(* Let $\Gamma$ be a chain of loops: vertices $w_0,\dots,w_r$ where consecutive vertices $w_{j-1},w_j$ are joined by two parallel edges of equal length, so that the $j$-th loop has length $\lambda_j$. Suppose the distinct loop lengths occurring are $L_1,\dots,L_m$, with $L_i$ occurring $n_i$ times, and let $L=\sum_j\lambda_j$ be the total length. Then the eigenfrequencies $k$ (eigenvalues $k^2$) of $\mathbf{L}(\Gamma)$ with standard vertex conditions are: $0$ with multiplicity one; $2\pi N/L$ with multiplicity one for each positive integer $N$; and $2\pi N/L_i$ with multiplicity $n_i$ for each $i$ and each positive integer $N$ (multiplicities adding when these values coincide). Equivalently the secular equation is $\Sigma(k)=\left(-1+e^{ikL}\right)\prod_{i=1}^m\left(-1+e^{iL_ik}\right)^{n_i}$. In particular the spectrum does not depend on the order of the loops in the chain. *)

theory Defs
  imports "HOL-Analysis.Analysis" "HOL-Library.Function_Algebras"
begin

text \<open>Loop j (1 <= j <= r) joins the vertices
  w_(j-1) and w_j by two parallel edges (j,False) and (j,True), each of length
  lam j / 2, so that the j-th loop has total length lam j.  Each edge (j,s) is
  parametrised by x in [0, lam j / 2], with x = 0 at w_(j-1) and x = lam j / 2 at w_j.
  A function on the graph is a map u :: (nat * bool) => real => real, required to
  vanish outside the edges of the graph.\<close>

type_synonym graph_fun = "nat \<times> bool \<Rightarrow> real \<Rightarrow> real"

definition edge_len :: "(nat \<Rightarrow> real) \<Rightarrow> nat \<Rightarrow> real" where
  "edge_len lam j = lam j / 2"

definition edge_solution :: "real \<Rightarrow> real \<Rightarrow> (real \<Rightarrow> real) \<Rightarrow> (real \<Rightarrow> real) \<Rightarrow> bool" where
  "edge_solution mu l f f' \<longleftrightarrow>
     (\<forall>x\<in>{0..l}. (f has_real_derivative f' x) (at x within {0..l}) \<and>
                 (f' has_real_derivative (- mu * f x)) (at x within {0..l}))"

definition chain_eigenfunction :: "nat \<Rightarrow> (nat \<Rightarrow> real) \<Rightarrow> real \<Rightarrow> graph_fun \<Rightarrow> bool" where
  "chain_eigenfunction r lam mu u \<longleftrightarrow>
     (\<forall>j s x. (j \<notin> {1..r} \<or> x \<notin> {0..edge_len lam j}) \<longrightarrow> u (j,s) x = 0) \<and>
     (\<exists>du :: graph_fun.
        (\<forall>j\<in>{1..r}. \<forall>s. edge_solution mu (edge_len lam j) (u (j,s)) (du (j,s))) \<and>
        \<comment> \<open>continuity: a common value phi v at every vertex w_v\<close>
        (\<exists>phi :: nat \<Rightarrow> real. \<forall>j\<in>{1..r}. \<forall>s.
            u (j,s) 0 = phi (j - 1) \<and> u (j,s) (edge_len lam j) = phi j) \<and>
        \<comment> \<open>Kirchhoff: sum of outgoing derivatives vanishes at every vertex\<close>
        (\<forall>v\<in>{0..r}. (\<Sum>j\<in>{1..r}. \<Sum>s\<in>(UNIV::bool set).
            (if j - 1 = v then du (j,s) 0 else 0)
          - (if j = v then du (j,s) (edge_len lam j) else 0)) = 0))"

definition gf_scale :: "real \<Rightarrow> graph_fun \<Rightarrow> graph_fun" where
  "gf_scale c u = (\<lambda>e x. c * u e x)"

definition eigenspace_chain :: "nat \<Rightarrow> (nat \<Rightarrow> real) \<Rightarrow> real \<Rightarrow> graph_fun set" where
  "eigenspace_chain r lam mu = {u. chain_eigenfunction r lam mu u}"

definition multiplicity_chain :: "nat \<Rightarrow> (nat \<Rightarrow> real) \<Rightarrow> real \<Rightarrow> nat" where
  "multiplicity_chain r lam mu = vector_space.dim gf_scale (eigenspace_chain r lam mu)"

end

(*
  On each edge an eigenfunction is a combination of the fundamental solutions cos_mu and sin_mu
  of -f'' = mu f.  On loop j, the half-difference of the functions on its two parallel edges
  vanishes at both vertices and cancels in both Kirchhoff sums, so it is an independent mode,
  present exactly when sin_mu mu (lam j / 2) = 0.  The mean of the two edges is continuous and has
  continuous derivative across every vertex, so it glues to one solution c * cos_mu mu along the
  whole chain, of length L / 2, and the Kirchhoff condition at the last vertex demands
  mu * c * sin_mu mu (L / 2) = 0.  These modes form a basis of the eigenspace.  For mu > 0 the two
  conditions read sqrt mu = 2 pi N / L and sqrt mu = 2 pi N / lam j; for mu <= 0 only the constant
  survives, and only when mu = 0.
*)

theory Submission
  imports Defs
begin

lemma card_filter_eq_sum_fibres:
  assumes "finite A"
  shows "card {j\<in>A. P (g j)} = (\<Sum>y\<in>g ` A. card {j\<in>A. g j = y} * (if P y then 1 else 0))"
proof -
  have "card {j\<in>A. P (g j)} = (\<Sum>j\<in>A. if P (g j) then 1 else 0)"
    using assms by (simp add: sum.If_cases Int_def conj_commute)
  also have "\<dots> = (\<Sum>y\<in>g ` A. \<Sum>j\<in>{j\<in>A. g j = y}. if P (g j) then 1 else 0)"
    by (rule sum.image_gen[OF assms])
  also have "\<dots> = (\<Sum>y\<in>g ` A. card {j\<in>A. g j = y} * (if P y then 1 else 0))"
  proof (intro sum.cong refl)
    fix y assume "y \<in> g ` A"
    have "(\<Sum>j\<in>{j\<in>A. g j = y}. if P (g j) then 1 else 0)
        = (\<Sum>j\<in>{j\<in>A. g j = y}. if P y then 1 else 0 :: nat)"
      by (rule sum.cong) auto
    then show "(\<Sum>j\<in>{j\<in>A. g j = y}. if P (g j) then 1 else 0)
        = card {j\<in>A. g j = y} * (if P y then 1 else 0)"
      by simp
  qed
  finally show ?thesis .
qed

++++++

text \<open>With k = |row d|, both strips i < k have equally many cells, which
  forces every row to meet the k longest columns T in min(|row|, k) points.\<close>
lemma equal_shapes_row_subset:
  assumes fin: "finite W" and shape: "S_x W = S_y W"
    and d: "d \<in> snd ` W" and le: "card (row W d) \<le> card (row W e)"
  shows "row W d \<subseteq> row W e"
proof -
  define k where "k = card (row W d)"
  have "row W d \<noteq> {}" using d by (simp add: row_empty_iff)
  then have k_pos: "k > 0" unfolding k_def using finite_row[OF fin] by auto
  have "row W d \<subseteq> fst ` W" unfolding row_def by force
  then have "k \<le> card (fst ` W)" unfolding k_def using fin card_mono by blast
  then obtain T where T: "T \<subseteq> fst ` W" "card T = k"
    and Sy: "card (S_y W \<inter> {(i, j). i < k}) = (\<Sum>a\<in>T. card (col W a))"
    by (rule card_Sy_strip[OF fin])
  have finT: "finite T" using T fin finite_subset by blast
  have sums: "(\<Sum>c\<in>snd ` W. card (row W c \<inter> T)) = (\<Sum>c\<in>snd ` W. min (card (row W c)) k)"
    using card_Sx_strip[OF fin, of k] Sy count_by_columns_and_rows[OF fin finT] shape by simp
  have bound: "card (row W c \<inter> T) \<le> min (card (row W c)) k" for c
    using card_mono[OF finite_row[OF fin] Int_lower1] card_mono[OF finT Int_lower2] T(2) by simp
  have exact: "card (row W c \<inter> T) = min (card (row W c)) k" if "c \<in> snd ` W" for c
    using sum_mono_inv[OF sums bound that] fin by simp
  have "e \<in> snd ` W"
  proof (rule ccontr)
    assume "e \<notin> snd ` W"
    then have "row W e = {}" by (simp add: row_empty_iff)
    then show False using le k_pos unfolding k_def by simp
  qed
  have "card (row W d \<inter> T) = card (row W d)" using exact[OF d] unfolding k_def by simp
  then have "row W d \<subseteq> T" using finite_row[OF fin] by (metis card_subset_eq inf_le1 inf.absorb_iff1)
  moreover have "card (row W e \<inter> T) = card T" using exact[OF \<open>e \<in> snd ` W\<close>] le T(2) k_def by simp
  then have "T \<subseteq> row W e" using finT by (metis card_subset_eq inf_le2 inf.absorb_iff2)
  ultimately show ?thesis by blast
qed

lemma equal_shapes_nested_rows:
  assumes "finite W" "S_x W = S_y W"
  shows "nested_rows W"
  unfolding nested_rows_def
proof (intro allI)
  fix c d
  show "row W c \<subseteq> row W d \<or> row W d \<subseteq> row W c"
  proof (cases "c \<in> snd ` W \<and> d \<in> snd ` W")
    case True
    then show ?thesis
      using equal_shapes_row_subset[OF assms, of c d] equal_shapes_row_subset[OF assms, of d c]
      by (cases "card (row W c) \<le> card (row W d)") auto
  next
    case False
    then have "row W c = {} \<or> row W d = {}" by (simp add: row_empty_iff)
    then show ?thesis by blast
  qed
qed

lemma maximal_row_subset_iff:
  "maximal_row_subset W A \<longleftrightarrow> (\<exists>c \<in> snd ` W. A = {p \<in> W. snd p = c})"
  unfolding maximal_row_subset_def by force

++++++

## What you are asked to do
From the listing above, the lines starting with the one that has "real) \<Rightarrow> nat" and running through the one that has "mu u \<longleftrightarrow>" should be copied exactly, ends included.

## Task result
definition edge_len :: "(nat \<Rightarrow> real) \<Rightarrow> nat \<Rightarrow> real" where
  "edge_len lam j = lam j / 2"

definition edge_solution :: "real \<Rightarrow> real \<Rightarrow> (real \<Rightarrow> real) \<Rightarrow> (real \<Rightarrow> real) \<Rightarrow> bool" where
  "edge_solution mu l f f' \<longleftrightarrow>
     (\<forall>x\<in>{0..l}. (f has_real_derivative f' x) (at x within {0..l}) \<and>
                 (f' has_real_derivative (- mu * f x)) (at x within {0..l}))"

definition chain_eigenfunction :: "nat \<Rightarrow> (nat \<Rightarrow> real) \<Rightarrow> real \<Rightarrow> graph_fun \<Rightarrow> bool" where
  "chain_eigenfunction r lam mu u \<longleftrightarrow>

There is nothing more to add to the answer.